I want to see your photograph while you are present; for I am
sure you don't look any more like the picture than the picture does like
you."
"Probably not," replied Somers, as the resolute maiden dragged him into
the house; where, without stopping to breathe, she presented him to her
mother, with the astounding declaration, that he was Allan Garland.
Mrs. Raynes gave him a cordial Virginia welcome; and, while he was
endeavoring to make himself as agreeable as possible to the old lady, Sue
rushed up-stairs to procure the faithless photograph. She returned in a
moment with the picture in her hand, and proceeded at once to institute a
comparison between the shadow and the substance.
"Now, stand up here, sir, and let me see," said she, as she playfully
whisked him round and scrutinized his features. "I told you it did not
look like you; and I am very sure now that it does not."

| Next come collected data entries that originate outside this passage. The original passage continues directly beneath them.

lemma closest_point_step_sq_le:
  fixes C :: "'a::euclidean_space set"
  assumes C: "closed C" "convex C" and y: "y \<in> C"
  shows "(norm (closest_point C (z - t *\<^sub>R v) - y))\<^sup>2
           \<le> (norm (z - y))\<^sup>2 - 2 * t * inner v (z - y) + t\<^sup>2 * (norm v)\<^sup>2"
proof -
  have "norm (closest_point C (z - t *\<^sub>R v) - y) \<le> norm ((z - y) - t *\<^sub>R v)"
    using norm_closest_point_diff_le[OF C y, of "z - t *\<^sub>R v"] by (simp add: algebra_simps)
  then have "(norm (closest_point C (z - t *\<^sub>R v) - y))\<^sup>2 \<le> (norm ((z - y) - t *\<^sub>R v))\<^sup>2"
    by (simp add: power_mono)
  then show ?thesis
    by (simp only: norm_diff_scaleR_sq)
qed

lemma (in prob_space) integrable_projected_step_sq:
  fixes C :: "'b::euclidean_space set" and v :: "'a \<Rightarrow> 'b"
  assumes C: "closed C" "convex C" and y: "y \<in> C"
    and v: "v \<in> borel_measurable M" "\<And>s. s \<in> space M \<Longrightarrow> norm (v s) \<le> G"
  shows "integrable M (\<lambda>s. (norm (closest_point C (z - t *\<^sub>R v s) - y))\<^sup>2)"
proof (rule integrable_const_bound)
  have "closest_point C \<in> borel_measurable borel"
    using C y by (intro borel_measurable_continuous_onI continuous_on_closest_point) auto
  then show "(\<lambda>s. (norm (closest_point C (z - t *\<^sub>R v s) - y))\<^sup>2) \<in> borel_measurable M"
    using v(1) by measurable
  have "norm (closest_point C (z - t *\<^sub>R v s) - y) \<le> norm (z - y) + \<bar>t\<bar> * G"
    if "s \<in> space M" for s
  proof -
    have "norm (closest_point C (z - t *\<^sub>R v s) - y) \<le> norm ((z - y) - t *\<^sub>R v s)"
      using norm_closest_point_diff_le[OF C y, of "z - t *\<^sub>R v s"] by (simp add: algebra_simps)
    also have "\<dots> \<le> norm (z - y) + \<bar>t\<bar> * norm (v s)"
      by (rule order_trans[OF norm_triangle_ineq4]) simp
    also have "\<dots> \<le> norm (z - y) + \<bar>t\<bar> * G"
      using v(2)[OF that] by (simp add: mult_left_mono)
    finally show ?thesis .
  qed
  then show "AE s in M. norm ((norm (closest_point C (z - t *\<^sub>R v s) - y))\<^sup>2) \<le> (norm (z - y) + \<bar>t\<bar> * G)\<^sup>2"
    by (intro AE_I2) (simp add: power_mono)
qed
(* There exist absolute constants $c>0$ and $n_0$ such that the following holds for every $n\ge n_0$ that is a power of $2$. Let $L=\log_2 n$ and let $T_1,\dots,T_n$ be drawn independently and uniformly at random from the $L$-element subsets of $[n]$. For $x\in\{0,1\}^n$ let $N_T(x) := \#\{ i\in[n] : x_j = 1 \text{ for all } j\in T_i\}$. Then $\mathbb{E}_{T_1,\dots,T_n}\Big[\Pr_{\mathbf{x}\sim\{0,1\}^n}[N_T(\mathbf{x}) = 1]\Big] \ge c$, where $\mathbf{x}$ is uniform on $\{0,1\}^n$. In particular, there exists a choice of $T_1,\dots,T_n$ with $\Pr_{\mathbf{x}}[N_T(\mathbf{x})=1]\ge c$. *)

theory Defs
  imports Complex_Main "HOL-Library.FuncSet"
begin

text \<open>Index set [n] is rendered as {0..<n}. A point x of {0,1}^n is a function
  {0..<n} \<rightarrow> bool (extensional), with x j = True meaning x_j = 1.\<close>

definition cube :: "nat \<Rightarrow> (nat \<Rightarrow> bool) set" where
  "cube n = {0..<n} \<rightarrow>\<^sub>E (UNIV :: bool set)"

definition subsets_card :: "nat \<Rightarrow> nat \<Rightarrow> nat set set" where
  "subsets_card n L = {S. S \<subseteq> {0..<n} \<and> card S = L}"

definition set_tuples :: "nat \<Rightarrow> nat \<Rightarrow> (nat \<Rightarrow> nat set) set" where
  "set_tuples n L = {0..<n} \<rightarrow>\<^sub>E subsets_card n L"

definition N_T :: "nat \<Rightarrow> (nat \<Rightarrow> nat set) \<Rightarrow> (nat \<Rightarrow> bool) \<Rightarrow> nat" where
  "N_T n T x = card {i \<in> {0..<n}. \<forall>j \<in> T i. x j}"

definition prob_unique :: "nat \<Rightarrow> (nat \<Rightarrow> nat set) \<Rightarrow> real" where
  "prob_unique n T = real (card {x \<in> cube n. N_T n T x = 1}) / real (card (cube n))"

definition expected_prob_unique :: "nat \<Rightarrow> nat \<Rightarrow> real" where
  "expected_prob_unique n L =
     (\<Sum>T \<in> set_tuples n L. prob_unique n T) / real (card (set_tuples n L))"

end

theory Submission
  imports Defs
begin
lemma excess_risk_pair_lower_bound:
  fixes t :: "'x \<times> real \<Rightarrow> real" and m1 m2 :: "'x \<Rightarrow> real"
  assumes [measurable]: "(\<lambda>z. t (x, z)) \<in> borel_measurable borel"
    and "\<sigma> > 0" and "A \<ge> 0" and "\<bar>m1 x - m2 x\<bar> \<le> sqrt (\<sigma>\<^sup>2 + A)"
  shows "ereal (exp (-9/8) / sqrt (2 * pi) * (\<sigma>\<^sup>2 / (\<sigma>\<^sup>2 + A) * (m1 x - m2 x))\<^sup>2)
    \<le> excess_risk t m1 A \<sigma> x + excess_risk t m2 A \<sigma> x"
proof -
  let ?s = "sqrt (\<sigma>\<^sup>2 + A)" and ?d = "\<sigma>\<^sup>2 / (\<sigma>\<^sup>2 + A) * (m2 x - m1 x)"
  have "?s > 0"
    using assms(2,3) by (simp add: add_pos_nonneg)
  have "ennreal (exp (-9/8) / sqrt (2 * pi) * ?d\<^sup>2)
      \<le> (\<integral>\<^sup>+z. ennreal (normal_density (m1 x) ?s z * (t (x, z) - tstar m1 A \<sigma> (x, z))\<^sup>2) \<partial>lborel)
        + (\<integral>\<^sup>+z. ennreal (normal_density (m2 x) ?s z * (t (x, z) - tstar m2 A \<sigma> (x, z))\<^sup>2) \<partial>lborel)"
    using assms(4) \<open>?s > 0\<close>
    by (intro two_point_gaussian_lower_bound) (auto simp: tstar_def algebra_simps diff_divide_distrib)
  moreover have "?d\<^sup>2 = (\<sigma>\<^sup>2 / (\<sigma>\<^sup>2 + A) * (m1 x - m2 x))\<^sup>2"
    by (simp only: power_mult_distrib power2_commute[of "m2 x"])
  ultimately show ?thesis
    unfolding excess_risk_eq[OF assms(1-3)]
    by (simp add: less_eq_ennreal.rep_eq plus_ennreal.rep_eq)
qed
lemma integral_nu_borel:
  fixes g :: "'g \<Rightarrow> 'c::{banach,second_countable_topology}"
  assumes "g \<in> borel_measurable borel"
  shows "integral\<^sup>L \<nu> g = integral\<^sup>L nu_borel g"
  unfolding nu_borel_def using integral_distr[OF measurable_id_nu assms] by simp

lemma emeasure_nu_borel_translate_right:
  assumes k: "k \<in> K" and A: "A \<in> sets borel"
  shows "emeasure nu_borel ((\<lambda>x. x + k) ` A) = emeasure nu_borel A"
proof -
  have AK: "A \<inter> K \<in> sets \<nu>"
    using A normalized_haar unfolding normalized_haar_on_def by (auto simp: sets_restrict_space)
  have "(\<lambda>x. x + k) ` A \<inter> K = (\<lambda>x. x + k) ` (A \<inter> K)"
    using k add_mem minus_mem by (auto simp: add.assoc intro!: image_eqI[where x = "_ + - k"])
  moreover have "(\<lambda>x. x + k) ` A = (\<lambda>x. x + - k) -` A"
    by (auto simp: add.assoc intro!: image_eqI[where x = "_ + - k"])
  moreover have "(\<lambda>x. x + - k) -` A \<in> sets borel"
    using A by (intro measurable_sets_borel[OF borel_measurable_continuous_onI] continuous_intros)
  ultimately show ?thesis
    using AK k A normalized_haar unfolding normalized_haar_on_def by (simp add: emeasure_nu_borel)
qed

lemma integral_nu_borel_translate_right:
  fixes g :: "'g \<Rightarrow> 'c::{banach,second_countable_topology}"
  assumes k: "k \<in> K" and g: "g \<in> borel_measurable borel"
  shows "(\<integral>x. g (x + k) \<partial>nu_borel) = integral\<^sup>L nu_borel g"
proof (rule integral_invariant_bij[OF sets_nu_borel _ _ _ _ g, where \<sigma> = "\<lambda>x. x + - k"])
  show "(\<lambda>x. x + k) \<in> borel_measurable borel"
    by (intro borel_measurable_continuous_onI continuous_intros)
qed (simp_all add: add.assoc emeasure_nu_borel_translate_right[OF minus_mem[OF k], simplified])
instance
proof
  show "uniformity = (INF e\<in>{0<..}. principal {(x, y). dist (x::nat) y < e})"
    by (rule uniformity_nat_def)
  show "open U \<longleftrightarrow> (\<forall>x\<in>U. \<forall>\<^sub>F (x', y) in uniformity. x' = x \<longrightarrow> y \<in> U)" for U :: "nat set"
  proof -
    have "\<forall>\<^sub>F (x', y) in uniformity. x' = x \<longrightarrow> y \<in> U" if "x \<in> U" for x
    proof -
      have "dist x' y < 1/2 \<Longrightarrow> x' = y" for x' y :: nat
        by (cases x' y rule: linorder_cases) (auto simp: dist_nat_def)
      then have "\<forall>\<^sub>F (x', y) in principal {(x, y). dist (x::nat) y < 1/2}. x' = x \<longrightarrow> y \<in> U"
        unfolding eventually_principal using that by auto
      then show ?thesis
        unfolding uniformity_nat_def by (rule eventually_INF1[rotated]) simp
    qed
    then show ?thesis by (simp add: open_discrete)
  qed
qed (auto simp: dist_nat_def)

end

instance bcontfun :: (metric_space, banach) banach ..

text \<open>Picard's integral operator, extended constantly outside \<open>[t0, t0 + h]\<close> so that it
  produces bounded continuous functions.\<close>

definition picard_map ::
  "('a::real_normed_vector \<Rightarrow> 'a) \<Rightarrow> 'a \<Rightarrow> real \<Rightarrow> real \<Rightarrow> (real \<Rightarrow>\<^sub>C 'a) \<Rightarrow> real \<Rightarrow> 'a" where
  "picard_map F y0 t0 h z = ext_cont (\<lambda>t. y0 + integral {t0..t} (\<lambda>s. F (z s))) t0 (t0 + h)"

context
  fixes F :: "'a::banach \<Rightarrow> 'a" and y0 :: 'a and r L M t0 h :: real
  assumes lipschitz: "L-lipschitz_on (cball y0 r) F"
    and bounded: "\<And>y. y \<in> cball y0 r \<Longrightarrow> norm (F y) \<le> M"
    and h: "0 < h"
begin

private lemma clamp_between: "clamp t0 (t0 + h) t \<in> {t0..t0 + h}"
  using clamp_in_interval[of t0 "t0 + h" t] h by simp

"Let me see," added Somers, extending his hand for the picture.
"Will you promise to give it back to me?"
"Certainly I will! You don't imagine I would be so mean as to confiscate
it?"
"I should not care much if you did, now that I have found out it does not
look any more like you than it does like me," she answered, handing him
the photograph.
"Where did you get this picture, Sue?"
"Where did I get it? Well, that is cool! Didn't you send it to me
yourself?" And Sue began to exhibit some symptoms of amazement.
"I am very sure I never sent you this picture," added Somers gravely.
"You did not?"
"Never."
"Why, Allan Garland!"
"This is not my picture."
"I shouldn't think it was."
Thereupon Mr. Raynes began to laugh in the most immoderate manner;
opening his mouth wide enough to take in a very small load of hay, and
shaking his sides in the most extraordinary style.
"What are you laughing at, pa?" demanded Sue, blushing up to the eyes, as
though she already felt the force of some keenly satirical remark which
was struggling for expression in the mouth of the farmer.
"To think you have been looking at that picture three times a day for a
year, studying, gazing at it; kissing it, for aught I know; and then to
find out that it is not Allan after all!" roared the Virginia farmer
between the outbreaks of his mirth. "I haven't done anything but groan
since the war began, and it does me good to laugh. I haven't had a jolly
time before since the battle of Bull Run, as the Yankees call it."